With the introduction of the RelationMeta field, however, it became clear that
this doesn't work... first problem was that the name could contain square
brackets, e.g.
name="myfield[123][otherfield]"
So the cheeky solution was to put this into the field classes:
$this->id = str_replace(array('[',']',' '), '_', $this->name);
However, that's not good enough when you need to customize the tpls used by the
sub-fields in a RelationMeta because you can't predict what the field name will
be and therefore you can't put in a custom tpl for it. E.g. the field name
might be something like "products[123][shipping]" because it's meta data for
post 123. So the name changes based on *each* instance of the field.
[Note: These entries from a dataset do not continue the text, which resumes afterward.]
lemma GRASS_submod:
  assumes "C \<in> GRASS s t e D L d scale \<pi> \<sigma>"
  shows "module.subspace scale C"
    "\<And>f x. f \<in> KQ s t \<Longrightarrow> x \<in> Phat s t e D \<Longrightarrow> \<pi> x \<in> C \<Longrightarrow> \<pi> (act s t f x) \<in> C"
    "basis_mod scale C (pi_path \<pi>) \<sigma>"
  using assms unfolding GRASS_def submod_def by blast+

context
  fixes s t :: "'e \<Rightarrow> 'v" and I :: "(('v,'e) path \<Rightarrow> 'k::field) set" and e :: "nat \<Rightarrow> 'v" and D :: nat
    and scale :: "'k \<Rightarrow> 'p::ab_group_add \<Rightarrow> 'p" and \<pi> :: "(('v,'e) ppath \<Rightarrow> 'k) \<Rightarrow> 'p"
    and L :: nat and d :: "'v \<Rightarrow> nat" and \<sigma> :: "('v,'e) ppath set" and C :: "'p set"
  assumes P: "proj_model s t I e D scale \<pi>" and C: "C \<in> GRASS s t e D L d scale \<pi> \<sigma>"
begin

lemma path_in_layer:
  assumes q: "q \<in> ppaths s t e D" "l \<le> path_len (fst q)" "path_end t (fst q) = i"
  shows "pi_path \<pi> q \<in> layer s t e D \<pi> C i l"
proof -
  interpret V: vector_space scale by (rule P_vector_space[OF P])
  have dq: "delta q \<in> Phat s t e D" by (rule delta_Phat[OF q(1)])
  have "\<pi> (delta q) \<in> radP s t e D \<pi> l"
    unfolding radP_def using dq q(2) by (intro CollectI exI[of _ "delta q"]) (auto simp: delta_def)
  then have "\<pi> (delta q) + 0 \<in> set_plus (radP s t e D \<pi> l) C"
    unfolding set_plus_def using V.subspace_0[OF GRASS_submod(1)[OF C]] by blast
  moreover have "act s t (delta (i, [])) (delta q) = (delta q :: _ \<Rightarrow> 'k)"
    unfolding act_idem by (rule Eop_delta[OF q(1) q(3)])
  ultimately show ?thesis unfolding layer_def vtx_part_def pi_path_def
    by (intro CollectI exI[of _ "delta q"]) (simp add: dq)
qed
(* Let $c\in\mathbb{R}$, $g\in\mathbb{R}^d$, let $\mathbf{H}\in\mathbb{R}^{d\times d}$ be symmetric, let $w^t\in\mathbb{R}^d$, and define $$q(w)=c+\langle g,w-w^t\rangle+\tfrac12\langle\mathbf{H}(w-w^t),w-w^t\rangle .$$ Assume $q$ has at least one root and let $w_q^*$ be a root of $q$ of least Euclidean norm, i.e. $w_q^*\in\arg\min\{\|w\|^2: q(w)=0\}$. Define the Newton–Raphson iterates $w^0=w^t$ and $$w^{i+1}=w^i-\frac{q(w^i)}{\|\nabla q(w^i)\|^2}\nabla q(w^i),\qquad i\ge0,$$ assuming $\nabla q(w^i)\neq0$ for all $i$. If $g\in\operatorname{Range}(\mathbf{H})$ and $w^0\in\operatorname{Range}(\mathbf{H})$, then $w^i\in\operatorname{Range}(\mathbf{H})$ and $\nabla q(w^i)\in\operatorname{Range}(\mathbf{H})$ for all $i$, and $w_q^*\in\operatorname{Range}(\mathbf{H})$.
   Context: In the paper $c=f_i(w^t)$, $g=\nabla f_i(w^t)$, $\mathbf{H}=\nabla^2 f_i(w^t)$ for a twice differentiable loss $f_i$; the statement holds for arbitrary such data. *)

theory Defs
  imports "HOL-Analysis.Analysis"
begin

definition qmodel :: "real \<Rightarrow> real^'d \<Rightarrow> real^'d^'d \<Rightarrow> real^'d \<Rightarrow> real^'d \<Rightarrow> real" where
  "qmodel c g H wt w = c + g \<bullet> (w - wt) + (1/2) * ((H *v (w - wt)) \<bullet> (w - wt))"

text \<open>Gradient of q at w (for symmetric H): g + H (w - wt).\<close>
definition qgrad :: "real^'d \<Rightarrow> real^'d^'d \<Rightarrow> real^'d \<Rightarrow> real^'d \<Rightarrow> real^'d" where
  "qgrad g H wt w = g + H *v (w - wt)"

definition mat_range :: "real^'d^'d \<Rightarrow> (real^'d) set" where
  "mat_range H = range (\<lambda>x. H *v x)"

end

theory Submission
  imports Defs
begin

text \<open>The gradient is g plus an element of Range(H), so every Newton step moves inside
  Range(H). For the minimum-norm root, split it as p + n with p in Range(H) and n orthogonal
  to Range(H). Since H is symmetric, n lies in its kernel, and g is orthogonal to n, so q does
  not see n: q(p) = q(p + n) = 0. Then p is a root whose squared norm is smaller by
  \<open>\<parallel>n\<parallel>\<^sup>2\<close>, which forces n = 0.\<close>

lemma mat_range_subspace: "subspace (mat_range H)"
  unfolding mat_range_def
  by (rule linear_subspace_image[OF matrix_vector_mul_linear subspace_UNIV])

lemma matrix_vector_mult_in_mat_range: "H *v x \<in> mat_range H"
  unfolding mat_range_def by blast

lemma qgrad_in_mat_range:
  assumes "g \<in> mat_range H"
  shows "qgrad g H wt v \<in> mat_range H"
  unfolding qgrad_def
  using mat_range_subspace assms matrix_vector_mult_in_mat_range by (rule subspace_add)

lemma iterates_in_subspace:
  assumes "subspace S" and "w 0 \<in> S" and "\<And>i. d i \<in> S"
    and "\<And>i. w (Suc i) = w i - a i *\<^sub>R d i"
  shows "w i \<in> S"
proof (induction i)
  case 0
  show ?case using assms(2) .
next
  case (Suc i)
  then show ?case using assms(1,3,4) by (metis subspace_diff subspace_scale)
qed

lemma symmetric_matrix_kills_orthogonal_of_range:
  fixes H :: "real^'d^'d"
  assumes "transpose H = H" and "\<And>v. v \<in> mat_range H \<Longrightarrow> n \<bullet> v = 0"
  shows "H *v n = 0"
proof -
  have "(H *v n) \<bullet> (H *v n) = n \<bullet> (H *v (H *v n))"
    by (metis assms(1) dot_lmul_matrix vector_transpose_matrix)
  also have "\<dots> = 0"
    using assms(2) matrix_vector_mult_in_mat_range by blast
  finally show ?thesis by simp
qed

lemma qmodel_add_orthogonal_of_range:
  assumes "transpose H = H" and "g \<in> mat_range H"
    and n_orth: "\<And>v. v \<in> mat_range H \<Longrightarrow> n \<bullet> v = 0"
  shows "qmodel c g H wt (p + n) = qmodel c g H wt p"
proof -
  have "H *v (p + n - wt) = H *v (p - wt)"
    using symmetric_matrix_kills_orthogonal_of_range[OF assms(1) n_orth]
    by (simp add: matrix_vector_mult_diff_distrib matrix_vector_right_distrib)
  moreover have "g \<bullet> n = 0"
    using n_orth[OF assms(2)] by (simp add: inner_commute)
  moreover have "(H *v (p - wt)) \<bullet> n = 0"
    using n_orth[OF matrix_vector_mult_in_mat_range] by (simp add: inner_commute)
  ultimately show ?thesis
    unfolding qmodel_def
    by (simp add: inner_diff_right inner_add_right inner_diff_left inner_add_left)
qed

lemma min_norm_root_in_mat_range:
  assumes "transpose H = H" and "g \<in> mat_range H"
    and root: "qmodel c g H wt wq = 0"
    and minnorm: "\<And>v. qmodel c g H wt v = 0 \<Longrightarrow> (norm wq)\<^sup>2 \<le> (norm v)\<^sup>2"
  shows "wq \<in> mat_range H"
proof -
  have span_range: "span (mat_range H) = mat_range H"
    using mat_range_subspace by (simp add: span_eq_iff)
  obtain p n where p: "p \<in> mat_range H" and wq: "wq = p + n"
    and n_orth: "\<And>v. v \<in> mat_range H \<Longrightarrow> n \<bullet> v = 0"
    using orthogonal_subspace_decomp_exists[of "mat_range H" wq]
    unfolding span_range orthogonal_def by blast
  have "qmodel c g H wt p = 0"
    using qmodel_add_orthogonal_of_range[OF assms(1,2) n_orth] root wq by simp
  then have "(norm wq)\<^sup>2 \<le> (norm p)\<^sup>2" by (rule minnorm)
  moreover have "(norm wq)\<^sup>2 = (norm p)\<^sup>2 + (norm n)\<^sup>2"
    using wq n_orth[OF p]
    by (simp add: power2_norm_eq_inner inner_add_left inner_add_right inner_commute)
  ultimately have "n = 0" by simp
  with p wq show ?thesis by simp
qed

theorem lemma6:
  fixes c :: real and g wt wq :: "real^'d" and H :: "real^'d^'d" and w :: "nat \<Rightarrow> real^'d"
  assumes symH: "transpose H = H"
    and root: "qmodel c g H wt wq = 0"
    and minnorm: "\<forall>v. qmodel c g H wt v = 0 \<longrightarrow> (norm wq)\<^sup>2 \<le> (norm v)\<^sup>2"
    and w0: "w 0 = wt"
    and wSuc: "\<forall>i. w (Suc i) = w i - (qmodel c g H wt (w i) / (norm (qgrad g H wt (w i)))\<^sup>2)
                                       *\<^sub>R qgrad g H wt (w i)"
    and gradnz: "\<forall>i. qgrad g H wt (w i) \<noteq> 0"
    and g_range: "g \<in> mat_range H"
    and w0_range: "w 0 \<in> mat_range H"
  shows "(\<forall>i. w i \<in> mat_range H \<and> qgrad g H wt (w i) \<in> mat_range H) \<and> wq \<in> mat_range H"
proof -
  have "w i \<in> mat_range H" for i
    by (rule iterates_in_subspace[where d = "\<lambda>i. qgrad g H wt (w i)"])
      (use mat_range_subspace w0_range qgrad_in_mat_range[OF g_range] wSuc in auto)
  moreover have "wq \<in> mat_range H"
    using symH g_range root minnorm by (blast intro: min_norm_root_in_mat_range)
  ultimately show ?thesis
    using qgrad_in_mat_range[OF g_range] by blast
qed

end
lemma iso_strict_journey_iff:
  assumes f: "bij_betw f (tverts G) (tverts H)"
    and iso: "\<forall>u\<in>tverts G. \<forall>v\<in>tverts G.
                (u, v) \<in> strict_reach_arcs G \<longleftrightarrow> (f u, f v) \<in> strict_reach_arcs H"
    and "x \<in> tverts G" "y \<in> tverts G" "x \<noteq> y"
  shows "strict_journey H (f x) (f y) \<longleftrightarrow> strict_journey G x y"
proof -
  have "f x \<in> tverts H" "f y \<in> tverts H" "f x \<noteq> f y"
    using assms(3-5) bij_betw_apply[OF f] inj_onD[OF bij_betw_imp_inj_on[OF f]] by auto
  moreover have "(x, y) \<in> strict_reach_arcs G \<longleftrightarrow> (f x, f y) \<in> strict_reach_arcs H"
    using iso assms(3,4) by blast
  ultimately show ?thesis
    using assms(3-5) by (simp add: strict_reach_arcs_def)
qed

lemma iso_tedges_subset_image:
  assumes "temporal_graph H" and f: "bij_betw f (tverts G) (tverts H)"
    and iso: "\<forall>u\<in>tverts G. \<forall>v\<in>tverts G.
                (u, v) \<in> strict_reach_arcs G \<longleftrightarrow> (f u, f v) \<in> strict_reach_arcs H"
    and mutual: "\<And>u v. (u, v) \<in> strict_reach_arcs G \<Longrightarrow> (v, u) \<in> strict_reach_arcs G
                   \<Longrightarrow> {u, v} \<in> tedges G"
  shows "tedges H \<subseteq> (\<lambda>e. f ` e) ` tedges G"
proof
  fix e assume "e \<in> tedges H"
  then obtain u v where e: "e = {u, v}"
    and arcs: "(u, v) \<in> strict_reach_arcs H" "(v, u) \<in> strict_reach_arcs H"
    by (rule tedge_mutually_reachable[OF assms(1)])
  then have "u \<in> f ` tverts G" "v \<in> f ` tverts G"
    using bij_betw_imp_surj_on[OF f] unfolding strict_reach_arcs_def by auto
  then obtain x y where "x \<in> tverts G" "y \<in> tverts G" "u = f x" "v = f y"
    by blast
  with iso arcs have "(x, y) \<in> strict_reach_arcs G" "(y, x) \<in> strict_reach_arcs G"
    by simp_all
  then have "{x, y} \<in> tedges G"
    by (rule mutual)
  moreover have "e = f ` {x, y}"
    using e \<open>u = f x\<close> \<open>v = f y\<close> by simp
  ultimately show "e \<in> (\<lambda>e. f ` e) ` tedges G"
    by blast
qed

definition path4_tgraph :: "nat tgraph" where
  "path4_tgraph = ({0, 1, 2, 3}, {{0, 1}, {1, 2}, {2, 3}},
     \<lambda>e. if e = {0, 1} then {1} else if e = {1, 2} then {1, 2} else {2})"

lemma path4_tgraph_simps:
  "tverts path4_tgraph = {0, 1, 2, 3}"
  "tedges path4_tgraph = {{0, 1}, {1, 2}, {2, 3}}"
  "tlabel path4_tgraph =
     (\<lambda>e. if e = {0, 1} then {1} else if e = {1, 2} then {1, 2} else {2})"
  by (simp_all add: path4_tgraph_def tverts_def tedges_def tlabel_def)

lemma temporal_graph_path4: "temporal_graph path4_tgraph"
  unfolding temporal_graph_def
proof (intro conjI ballI)
  fix e assume "e \<in> tedges path4_tgraph"
  then have "\<exists>u \<in> {0, 1, 2}. e = {u, u + 1}"
    by (simp add: path4_tgraph_simps eval_nat_numeral)
  then obtain u where u: "u \<in> {0, 1, 2}" "e = {u, u + 1}" ..
  then have "u \<in> tverts path4_tgraph" "u + 1 \<in> tverts path4_tgraph"
    by (auto simp: path4_tgraph_simps)
  with u show "\<exists>x y. x \<noteq> y \<and> x \<in> tverts path4_tgraph \<and> y \<in> tverts path4_tgraph \<and> e = {x, y}"
    by (intro exI[of _ u] exI[of _ "u + 1"]) simp
  show "tlabel path4_tgraph e \<noteq> {}"
    by (simp add: path4_tgraph_simps)
qed (simp add: path4_tgraph_simps)

lemma path4_journeys: "strict_journey path4_tgraph 0 2" "strict_journey path4_tgraph 1 3"
  by (rule strict_journey_two_edges[of 0 1 _ 1 2 2] strict_journey_two_edges[of 1 2 _ 1 3 2];
      simp add: path4_tgraph_simps doubleton_eq_iff)+

lemma path4_contact:
  assumes "{x, y} \<in> tedges path4_tgraph" "t \<in> tlabel path4_tgraph {x, y}"
  shows "(x = 0 \<and> y = 1 \<or> x = 1 \<and> y = 0) \<and> t = 1 \<or>
    (x = 1 \<and> y = 2 \<or> x = 2 \<and> y = 1) \<and> (t = 1 \<or> t = 2) \<or>
    (x = 2 \<and> y = 3 \<or> x = 3 \<and> y = 2) \<and> t = 2"
  using assms by (auto simp: path4_tgraph_simps doubleton_eq_iff)

lemma path4_no_journeys:
  "\<not> strict_journey path4_tgraph 0 3"
  "\<not> strict_journey path4_tgraph 2 0"
  "\<not> strict_journey path4_tgraph 3 1"
proof -
  show "\<not> strict_journey path4_tgraph 0 3"
    by (rule not_strict_journey_invariant[where
          P = "\<lambda>x s. x \<noteq> 3 \<and> (x = 1 \<longrightarrow> 2 \<le> s) \<and> (x = 2 \<longrightarrow> 3 \<le> s)"];
        (drule (1) path4_contact)?; auto)
  show "\<not> strict_journey path4_tgraph 2 0"
    by (rule not_strict_journey_invariant[where P = "\<lambda>x s. x \<noteq> 0 \<and> (x = 1 \<longrightarrow> 2 \<le> s)"];
        (drule (1) path4_contact)?; auto)
  show "\<not> strict_journey path4_tgraph 3 1"
    by (rule not_strict_journey_invariant[where
          P = "\<lambda>x s. x \<noteq> 0 \<and> x \<noteq> 1 \<and> (x = 2 \<longrightarrow> 3 \<le> s)"];
        (drule (1) path4_contact)?; auto)
qed

lemma path4_mutual_arcs:
  assumes "(u, v) \<in> strict_reach_arcs path4_tgraph" "(v, u) \<in> strict_reach_arcs path4_tgraph"
  shows "{u, v} \<in> tedges path4_tgraph"
  using assms path4_no_journeys
  by (auto simp: strict_reach_arcs_def path4_tgraph_simps insert_commute)
lemma L1_Cauchy_convergent:
  fixes u :: "nat \<Rightarrow> 'a \<Rightarrow> real"
  assumes integrable: "\<And>n. integrable M (u n)"
    and Cauchy: "\<And>e. e > 0 \<Longrightarrow> \<exists>N. \<forall>n\<ge>N. \<forall>m\<ge>N. (\<integral>x. \<bar>u n x - u m x\<bar> \<partial>M) < e"
  shows "\<exists>g. integrable M g \<and> (\<lambda>n. \<integral>x. \<bar>u n x - g x\<bar> \<partial>M) \<longlonglongrightarrow> 0"
proof -
  have [measurable]: "\<And>n. u n \<in> borel_measurable M" using integrable by simp
  obtain r where r: "strict_mono r" and Cauchy_AE: "AE x in M. Cauchy (\<lambda>i. u (r i) x)"
    using cauchy_L1_AE_cauchy_subseq[where s=u, OF integrable] Cauchy by auto
  define g where "g x = lim (\<lambda>i. u (r i) x)" for x
  have [measurable]: "g \<in> borel_measurable M" unfolding g_def by measurable
  from Cauchy_AE have lim: "AE x in M. (\<lambda>i. u (r i) x) \<longlonglongrightarrow> g x"
    by eventually_elim (simp add: g_def Cauchy_convergent_iff convergent_LIMSEQ_iff)
  note close = nn_integral_abs_diff_le_of_Cauchy_subseq[OF integrable _ r lim]
  obtain N0 where N0: "\<forall>n\<ge>N0. \<forall>m\<ge>N0. (\<integral>x. \<bar>u n x - u m x\<bar> \<partial>M) < 1"
    using Cauchy[of 1] by auto
  have "integrable M (\<lambda>x. u N0 x - g x)"
    using le_less_trans[OF close[OF _ N0 order.refl] ennreal_less_top]
    by (intro integrableI_bounded) simp_all
  from Bochner_Integration.integrable_diff[OF integrable[of N0] this]
  have g: "integrable M g" by simp
  have "(\<lambda>n. \<integral>x. \<bar>u n x - g x\<bar> \<partial>M) \<longlonglongrightarrow> 0"
  proof (rule order_tendstoI)
    fix e :: real assume "e > 0"
    then obtain N where N: "\<forall>n\<ge>N. \<forall>m\<ge>N. (\<integral>x. \<bar>u n x - u m x\<bar> \<partial>M) < e / 2"
      using Cauchy[of "e / 2"] by auto
    have "(\<integral>x. \<bar>u n x - g x\<bar> \<partial>M) < e" if "n \<ge> N" for n
    proof -
      have "(\<integral>x. \<bar>u n x - g x\<bar> \<partial>M) \<le> e / 2"
        using close[OF _ N that] integrable g \<open>e > 0\<close> by (simp add: nn_integral_eq_integral)
      with \<open>e > 0\<close> show ?thesis by simp
    qed
    then show "\<forall>\<^sub>F n in sequentially. (\<integral>x. \<bar>u n x - g x\<bar> \<partial>M) < e"
      unfolding eventually_sequentially by blast
  qed (auto intro!: always_eventually less_le_trans[OF _ Bochner_Integration.integral_nonneg])
  with g show ?thesis by blast
qed
lemma transpose_twins_preserves_edges:
  assumes twins: "\<And>w. w \<noteq> u \<Longrightarrow> w \<noteq> v \<Longrightarrow> {w, u} \<in> E \<longleftrightarrow> {w, v} \<in> E"
    and loopless: "\<And>w. {w} \<notin> E"
    and ab: "{a, b} \<in> E"
  shows "{transpose u v a, transpose u v b} \<in> E"
proof -
  have flip: "{w, transpose u v t} \<in> E" if "{w, t} \<in> E" "w \<noteq> u" "w \<noteq> v" for w t
    by (metis that twins transpose_apply_first transpose_apply_second transpose_apply_other)
  consider "a \<in> {u, v}" "b \<in> {u, v}" | "a \<notin> {u, v}" | "b \<notin> {u, v}"
    by blast
  then show ?thesis
  proof cases
    case 1
    moreover have "a \<noteq> b"
      using ab loopless by force
    ultimately have "{transpose u v a, transpose u v b} = {a, b}"
      by auto
    then show ?thesis
      using ab by simp
  next
    case 2
    then show ?thesis
      using flip[of a b] ab by simp
  next
    case 3
    then show ?thesis
      using flip[of b a] ab by (simp add: insert_commute)
  qed
qed

lemma card_colorings_agreeing_twins:
  assumes "finite V" "u \<in> V" "v \<in> V" "x \<noteq> u" "x \<noteq> v"
    and twins: "\<And>w. w \<noteq> u \<Longrightarrow> w \<noteq> v \<Longrightarrow> {w, u} \<in> E \<longleftrightarrow> {w, v} \<in> E"
    and loopless: "\<And>w. {w} \<notin> E"
  shows "card {\<kappa> \<in> colorings_of_type V E \<alpha>. \<kappa> x = \<kappa> u}
       = card {\<kappa> \<in> colorings_of_type V E \<alpha>. \<kappa> x = \<kappa> v}"
proof -
  have twins': "\<And>w. w \<noteq> v \<Longrightarrow> w \<noteq> u \<Longrightarrow> {w, v} \<in> E \<longleftrightarrow> {w, u} \<in> E"
    using twins by blast
  show ?thesis
    using assms
      card_colorings_agreeing_le[OF _ permutes_swap_id
        transpose_twins_preserves_edges[OF twins loopless], of V x v u \<alpha>]
      card_colorings_agreeing_le[OF _ permutes_swap_id
        transpose_twins_preserves_edges[OF twins' loopless], of V x u v \<alpha>]
    by (simp add: transpose_commute)
qed

lemma chrom_coeff_join_edges:
  assumes "finite V" "finite S"
    and clique: "\<And>u v. u \<in> S \<Longrightarrow> v \<in> S \<Longrightarrow> u \<noteq> v \<Longrightarrow> {u, v} \<in> E"
  shows "chrom_coeff V (join_edges E x S) \<alpha>
         + (\<Sum>u\<in>S. card {\<kappa> \<in> colorings_of_type V E \<alpha>. \<kappa> x = \<kappa> u})
       = chrom_coeff V E \<alpha>"
proof -
  define P where "P = colorings_of_type V E \<alpha>"
  define Q where "Q u = {\<kappa> \<in> P. \<kappa> x = \<kappa> u}" for u
  have "finite P"
    unfolding P_def using assms(1) by (rule finite_colorings_of_type)
  have disjoint: "Q u \<inter> Q v = {}" if "u \<in> S" "v \<in> S" "u \<noteq> v" for u v
  proof -
    have "\<kappa> u \<noteq> \<kappa> v" if "\<kappa> \<in> P" for \<kappa>
      using \<open>\<kappa> \<in> P\<close> clique[OF \<open>u \<in> S\<close> \<open>v \<in> S\<close> \<open>u \<noteq> v\<close>]
      by (simp add: P_def colorings_of_type_def proper_coloring_def)
    then show ?thesis
      by (auto simp: Q_def) metis
  qed
  have P_Int_union: "P \<inter> (\<Union>u\<in>S. Q u) = (\<Union>u\<in>S. Q u)"
    by (auto simp: Q_def)
  have "colorings_of_type V (join_edges E x S) \<alpha> = P - (\<Union>u\<in>S. Q u)"
    by (auto simp: P_def Q_def colorings_of_type_def proper_coloring_join_edges)
  moreover have "card (\<Union>u\<in>S. Q u) = (\<Sum>u\<in>S. card (Q u))"
    using \<open>finite P\<close> assms(2) disjoint by (intro card_UN_disjoint) (auto simp: Q_def)
  moreover have "card P = card (\<Union>u\<in>S. Q u) + card (P - (\<Union>u\<in>S. Q u))"
    using card_Int_Diff[OF \<open>finite P\<close>, of "\<Union>u\<in>S. Q u"] P_Int_union by simp
  ultimately show ?thesis
    by (simp add: chrom_coeff_eq_card P_def Q_def)
qed
(* Let $k\subset K$ be differential fields of characteristic zero with the same field of constants $C$, assumed algebraically closed, and assume there is $x\in k$ with $x'=1$. Let $f,g\in K$ be iterated integrals over $k$. If $f$ and $g$ are algebraically dependent over $k$, then there exist $u,v\in k$, not both zero, such that $uf+vg\in k$.
   Context: An element $f\in K$ is an iterated integral over $k$ if $f^{(m)}\in k$ for some $m\in\mathbb{N}$. Here $k$ need not be algebraically closed. *)

theory Defs
  imports "HOL-Computational_Algebra.Polynomial"
begin

text \<open>A derivation on a field (the ambient differential field K is the whole type).\<close>
definition derivation :: "('a::field \<Rightarrow> 'a) \<Rightarrow> bool" where
  "derivation D \<longleftrightarrow> (\<forall>a b. D (a + b) = D a + D b) \<and> (\<forall>a b. D (a * b) = D a * b + a * D b)"

definition diff_subfield :: "('a::field \<Rightarrow> 'a) \<Rightarrow> 'a set \<Rightarrow> bool" where
  "diff_subfield D k \<longleftrightarrow> 0 \<in> k \<and> 1 \<in> k \<and>
     (\<forall>a\<in>k. \<forall>b\<in>k. a + b \<in> k \<and> a * b \<in> k) \<and>
     (\<forall>a\<in>k. - a \<in> k \<and> inverse a \<in> k) \<and> (\<forall>a\<in>k. D a \<in> k)"

definition constants :: "('a \<Rightarrow> 'a::field) \<Rightarrow> 'a set" where
  "constants D = {c. D c = 0}"

definition alg_closed_set :: "'a::field set \<Rightarrow> bool" where
  "alg_closed_set C \<longleftrightarrow> (\<forall>p::'a poly. degree p > 0 \<and> (\<forall>i. coeff p i \<in> C) \<longrightarrow> (\<exists>c\<in>C. poly p c = 0))"

definition iterated_integral :: "('a \<Rightarrow> 'a) \<Rightarrow> 'a set \<Rightarrow> 'a \<Rightarrow> bool" where
  "iterated_integral D k f \<longleftrightarrow> (\<exists>m::nat. (D ^^ m) f \<in> k)"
Better would be something that would allow the field id to be passed directly
as a field property (and we can always fall back on a str_replace conversion if
it's missing). E.g.
if (!isset($this->id)) {
$this->id = str_replace(array('[',']',' '), '_', $this->name);
}
And then we'd have to update all places where $FieldObj->set_props() was used
to add the extra id if necessary.
AND/OR
Add functions that would allow for overrides of the various tpls used by the
Field element. E.g.
function set_tpl($name, $tpl) {
}
Could be used to populate a hash of all the tpls the field needs (most commonly
element, option, wrapper). That way the RelationMeta field could even specify
a suffix for its field names, e.g. text_meta.tpl or some such, and we can still
have the hierarchy, but it could be accessed from outside the object, e.g.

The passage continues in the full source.